lemma energy_density_sum_le:
  fixes f :: "'i \<Rightarrow> 'a::euclidean_space \<Rightarrow> real"
  assumes f: "\<forall>j\<in>F. f j \<in> smooth_class" and w: "\<forall>j\<in>F. w j > 0"
    and \<sigma>: "\<sigma>\<^sup>2 = 1" and V: "V y \<ge> 0"
  shows "grad_sq (\<lambda>y. \<sigma> * (\<Sum>j\<in>F. f j y)) y + V y * (\<sigma> * (\<Sum>j\<in>F. f j y))\<^sup>2
    \<le> (\<Sum>j\<in>F. w j) * (\<Sum>j\<in>F. (1 / w j) * (grad_sq (f j) y + V y * (f j y)\<^sup>2))"
proof -
  let ?W = "\<Sum>j\<in>F. w j"
  have \<sigma>_sq: "(\<sigma> * z)\<^sup>2 = z\<^sup>2" for z :: real using \<sigma> by (simp add: power_mult_distrib)
  have "((\<lambda>y. \<sigma> * (\<Sum>j\<in>F. f j y)) has_derivative
      (\<lambda>v. \<sigma> * (\<Sum>j\<in>F. frechet_derivative (f j) (at y) v))) (at y)"
    using f by (intro has_derivative_mult_right has_derivative_sum smooth_class_has_frechet_derivative) auto
  then have "frechet_derivative (\<lambda>y. \<sigma> * (\<Sum>j\<in>F. f j y)) (at y)
      = (\<lambda>v. \<sigma> * (\<Sum>j\<in>F. frechet_derivative (f j) (at y) v))"
    by (rule frechet_derivative_at[symmetric])
  then have "grad_sq (\<lambda>y. \<sigma> * (\<Sum>j\<in>F. f j y)) y
      = (\<Sum>i\<in>Basis. (\<Sum>j\<in>F. frechet_derivative (f j) (at y) i)\<^sup>2)"
    unfolding grad_sq_def by (simp add: \<sigma>_sq)
  also have "\<dots> \<le> (\<Sum>i\<in>Basis. ?W * (\<Sum>j\<in>F. (frechet_derivative (f j) (at y) i)\<^sup>2 / w j))"
    by (intro sum_mono square_sum_le_weighted w)
  also have "\<dots> = ?W * (\<Sum>j\<in>F. (1 / w j) * grad_sq (f j) y)"
    unfolding grad_sq_def sum_distrib_left
    by (subst sum.swap) (simp add: sum_distrib_left sum_divide_distrib)
  finally have grad: "grad_sq (\<lambda>y. \<sigma> * (\<Sum>j\<in>F. f j y)) y \<le> ?W * (\<Sum>j\<in>F. (1 / w j) * grad_sq (f j) y)" .
  have "V y * (\<sigma> * (\<Sum>j\<in>F. f j y))\<^sup>2 \<le> V y * (?W * (\<Sum>j\<in>F. (f j y)\<^sup>2 / w j))"
    unfolding \<sigma>_sq by (intro mult_left_mono square_sum_le_weighted w V)
  also have "\<dots> = ?W * (\<Sum>j\<in>F. (1 / w j) * (V y * (f j y)\<^sup>2))"
    by (simp add: sum_distrib_left mult_ac)
  finally have potential: "V y * (\<sigma> * (\<Sum>j\<in>F. f j y))\<^sup>2 \<le> ?W * (\<Sum>j\<in>F. (1 / w j) * (V y * (f j y)\<^sup>2))" .
  show ?thesis
    using add_mono[OF grad potential] by (simp add: distrib_left sum.distrib)
qed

Requirement: Starting at the line that contains "unfolding grad_sq_def sum_distrib_left", retype every line through the end of the records exactly, and nothing else.

Exercise answer:
    unfolding grad_sq_def sum_distrib_left
    by (subst sum.swap) (simp add: sum_distrib_left sum_divide_distrib)
  finally have grad: "grad_sq (\<lambda>y. \<sigma> * (\<Sum>j\<in>F. f j y)) y \<le> ?W * (\<Sum>j\<in>F. (1 / w j) * grad_sq (f j) y)" .
  have "V y * (\<sigma> * (\<Sum>j\<in>F. f j y))\<^sup>2 \<le> V y * (?W * (\<Sum>j\<in>F. (f j y)\<^sup>2 / w j))"
    unfolding \<sigma>_sq by (intro mult_left_mono square_sum_le_weighted w V)
  also have "\<dots> = ?W * (\<Sum>j\<in>F. (1 / w j) * (V y * (f j y)\<^sup>2))"
    by (simp add: sum_distrib_left mult_ac)
  finally have potential: "V y * (\<sigma> * (\<Sum>j\<in>F. f j y))\<^sup>2 \<le> ?W * (\<Sum>j\<in>F. (1 / w j) * (V y * (f j y)\<^sup>2))" .
  show ?thesis
    using add_mono[OF grad potential] by (simp add: distrib_left sum.distrib)
qed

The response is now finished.